■ Problem to solve ■
Each line from the beginning of the data below through the line containing "X1 = l * (2 + \<gamma>1" should be repeated exactly, please.
————
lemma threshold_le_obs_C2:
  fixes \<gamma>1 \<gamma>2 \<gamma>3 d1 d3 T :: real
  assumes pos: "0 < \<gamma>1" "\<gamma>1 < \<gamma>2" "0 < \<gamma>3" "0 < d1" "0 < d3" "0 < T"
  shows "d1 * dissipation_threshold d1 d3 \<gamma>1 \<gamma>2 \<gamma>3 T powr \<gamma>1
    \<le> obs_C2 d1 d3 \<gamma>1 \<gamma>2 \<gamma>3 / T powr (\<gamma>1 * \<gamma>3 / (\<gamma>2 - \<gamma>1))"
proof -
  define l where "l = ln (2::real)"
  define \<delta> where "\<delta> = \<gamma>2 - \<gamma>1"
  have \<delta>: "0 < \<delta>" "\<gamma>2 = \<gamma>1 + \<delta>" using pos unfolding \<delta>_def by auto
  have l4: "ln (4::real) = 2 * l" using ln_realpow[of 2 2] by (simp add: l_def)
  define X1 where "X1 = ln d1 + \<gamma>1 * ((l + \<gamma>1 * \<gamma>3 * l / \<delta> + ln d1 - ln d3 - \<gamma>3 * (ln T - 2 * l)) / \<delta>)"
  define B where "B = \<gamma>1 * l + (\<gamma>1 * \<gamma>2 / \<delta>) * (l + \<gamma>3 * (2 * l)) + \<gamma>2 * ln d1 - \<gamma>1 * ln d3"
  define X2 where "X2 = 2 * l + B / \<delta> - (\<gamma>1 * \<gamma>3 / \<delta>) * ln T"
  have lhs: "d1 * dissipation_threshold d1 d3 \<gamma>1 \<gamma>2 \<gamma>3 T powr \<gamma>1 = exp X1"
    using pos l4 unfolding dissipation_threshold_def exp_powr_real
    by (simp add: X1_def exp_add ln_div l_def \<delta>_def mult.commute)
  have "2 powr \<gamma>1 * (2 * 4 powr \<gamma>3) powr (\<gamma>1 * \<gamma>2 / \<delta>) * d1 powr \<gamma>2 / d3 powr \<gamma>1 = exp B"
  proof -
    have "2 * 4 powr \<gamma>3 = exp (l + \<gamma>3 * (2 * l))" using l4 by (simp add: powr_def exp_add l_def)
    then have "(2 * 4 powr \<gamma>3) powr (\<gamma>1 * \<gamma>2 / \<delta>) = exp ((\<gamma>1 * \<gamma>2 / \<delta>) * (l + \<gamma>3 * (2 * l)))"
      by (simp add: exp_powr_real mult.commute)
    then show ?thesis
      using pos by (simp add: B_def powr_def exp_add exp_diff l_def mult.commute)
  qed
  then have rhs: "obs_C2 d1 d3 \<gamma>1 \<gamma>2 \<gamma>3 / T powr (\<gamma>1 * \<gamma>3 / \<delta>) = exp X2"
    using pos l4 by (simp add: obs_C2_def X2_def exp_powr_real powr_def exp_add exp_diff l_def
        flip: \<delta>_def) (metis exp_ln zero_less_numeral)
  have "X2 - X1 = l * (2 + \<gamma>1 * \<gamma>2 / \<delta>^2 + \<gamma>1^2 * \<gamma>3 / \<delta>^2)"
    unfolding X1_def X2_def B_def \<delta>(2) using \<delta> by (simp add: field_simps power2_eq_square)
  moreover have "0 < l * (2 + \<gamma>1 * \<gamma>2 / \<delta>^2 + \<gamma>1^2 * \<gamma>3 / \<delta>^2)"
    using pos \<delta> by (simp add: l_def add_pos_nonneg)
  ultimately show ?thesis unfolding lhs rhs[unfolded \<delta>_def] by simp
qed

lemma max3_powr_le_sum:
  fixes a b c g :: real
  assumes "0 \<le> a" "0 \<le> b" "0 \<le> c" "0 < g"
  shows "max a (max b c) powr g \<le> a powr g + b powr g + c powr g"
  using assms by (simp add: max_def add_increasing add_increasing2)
————
■ Expected output ■
lemma threshold_le_obs_C2:
  fixes \<gamma>1 \<gamma>2 \<gamma>3 d1 d3 T :: real
  assumes pos: "0 < \<gamma>1" "\<gamma>1 < \<gamma>2" "0 < \<gamma>3" "0 < d1" "0 < d3" "0 < T"
  shows "d1 * dissipation_threshold d1 d3 \<gamma>1 \<gamma>2 \<gamma>3 T powr \<gamma>1
    \<le> obs_C2 d1 d3 \<gamma>1 \<gamma>2 \<gamma>3 / T powr (\<gamma>1 * \<gamma>3 / (\<gamma>2 - \<gamma>1))"
proof -
  define l where "l = ln (2::real)"
  define \<delta> where "\<delta> = \<gamma>2 - \<gamma>1"
  have \<delta>: "0 < \<delta>" "\<gamma>2 = \<gamma>1 + \<delta>" using pos unfolding \<delta>_def by auto
  have l4: "ln (4::real) = 2 * l" using ln_realpow[of 2 2] by (simp add: l_def)
  define X1 where "X1 = ln d1 + \<gamma>1 * ((l + \<gamma>1 * \<gamma>3 * l / \<delta> + ln d1 - ln d3 - \<gamma>3 * (ln T - 2 * l)) / \<delta>)"
  define B where "B = \<gamma>1 * l + (\<gamma>1 * \<gamma>2 / \<delta>) * (l + \<gamma>3 * (2 * l)) + \<gamma>2 * ln d1 - \<gamma>1 * ln d3"
  define X2 where "X2 = 2 * l + B / \<delta> - (\<gamma>1 * \<gamma>3 / \<delta>) * ln T"
  have lhs: "d1 * dissipation_threshold d1 d3 \<gamma>1 \<gamma>2 \<gamma>3 T powr \<gamma>1 = exp X1"
    using pos l4 unfolding dissipation_threshold_def exp_powr_real
    by (simp add: X1_def exp_add ln_div l_def \<delta>_def mult.commute)
  have "2 powr \<gamma>1 * (2 * 4 powr \<gamma>3) powr (\<gamma>1 * \<gamma>2 / \<delta>) * d1 powr \<gamma>2 / d3 powr \<gamma>1 = exp B"
  proof -
    have "2 * 4 powr \<gamma>3 = exp (l + \<gamma>3 * (2 * l))" using l4 by (simp add: powr_def exp_add l_def)
    then have "(2 * 4 powr \<gamma>3) powr (\<gamma>1 * \<gamma>2 / \<delta>) = exp ((\<gamma>1 * \<gamma>2 / \<delta>) * (l + \<gamma>3 * (2 * l)))"
      by (simp add: exp_powr_real mult.commute)
    then show ?thesis
      using pos by (simp add: B_def powr_def exp_add exp_diff l_def mult.commute)
  qed
  then have rhs: "obs_C2 d1 d3 \<gamma>1 \<gamma>2 \<gamma>3 / T powr (\<gamma>1 * \<gamma>3 / \<delta>) = exp X2"
    using pos l4 by (simp add: obs_C2_def X2_def exp_powr_real powr_def exp_add exp_diff l_def
        flip: \<delta>_def) (metis exp_ln zero_less_numeral)
  have "X2 - X1 = l * (2 + \<gamma>1 * \<gamma>2 / \<delta>^2 + \<gamma>1^2 * \<gamma>3 / \<delta>^2)"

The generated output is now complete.